**About this task**.
In the entries below, find the line containing "using iso unfolding quot_ring_iso_def by (blast", then copy it and every later line exactly, ending with the last line.

**Source material**.

abbreviation "Q \<equiv> Qf P1 P2 f"
abbreviation "S \<equiv> Sf P1 P2 f \<sigma>"
abbreviation "T \<equiv> map_poly \<sigma> P1"

lemma field_automorphism: "field_automorphism \<sigma>"
  using stabilizes unfolding stabilizes_with_def by blast

lemma f_add: "a \<in> residues P1 \<Longrightarrow> b \<in> residues P1 \<Longrightarrow> f (a + b) = f a + f b"
  using iso unfolding quot_ring_iso_def by blast

lemma f_mult_mod:
  "a \<in> residues P1 \<Longrightarrow> b \<in> residues P1 \<Longrightarrow> f ((a * b) mod P1) = (f a * f b) mod P2"
  using iso unfolding quot_ring_iso_def by blast

lemma f_const: "f ([:c:] mod P1) = [:\<sigma> c:] mod P2"
  using stabilizes unfolding stabilizes_with_def by blast

lemma f_mod_eq_pcompose: "f (A mod P1) = pcompose (map_poly \<sigma> A) Q mod P2"
proof (induction A)
  case 0
  show ?case using f_const[of 0] field_automorphism_0[OF field_automorphism] by simp
next
  case (pCons a A)
  let ?X = "[:0, 1:] :: 'a poly"
  have "pCons a A mod P1 = [:a:] mod P1 + ((?X mod P1) * (A mod P1)) mod P1"
  proof -
    have "pCons a A = [:a:] + ?X * A" by (simp add: pCons_eq_iff)
    then show ?thesis by (simp only: poly_mod_add_left mod_mult_eq)
  qed
  then have "f (pCons a A mod P1)
      = [:\<sigma> a:] mod P2 + (Q * (pcompose (map_poly \<sigma> A) Q mod P2)) mod P2"
    using f_add f_mult_mod f_const pCons by (simp add: residues_def Qf_def)
  also have "\<dots> = pcompose (map_poly \<sigma> (pCons a A)) Q mod P2"
    by (simp add: map_poly_pCons field_automorphism_0[OF field_automorphism] pcompose_pCons
        poly_mod_add_left mod_mult_right_eq)
  finally show ?case .
qed

lemma Qf_mod: "Q mod P2 = Q"
proof -
  have "[:0, 1:] mod P1 \<in> residues P1" by (simp add: residues_def)
  then have "f ([:0, 1:] mod P1) \<in> residues P2"
    using iso unfolding quot_ring_iso_def by (blast intro: bij_betw_apply)
  then show ?thesis unfolding Qf_def residues_def by simp
qed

**Exercise answer**.
    using iso unfolding quot_ring_iso_def by (blast intro: bij_betw_apply)
  then show ?thesis unfolding Qf_def residues_def by simp
qed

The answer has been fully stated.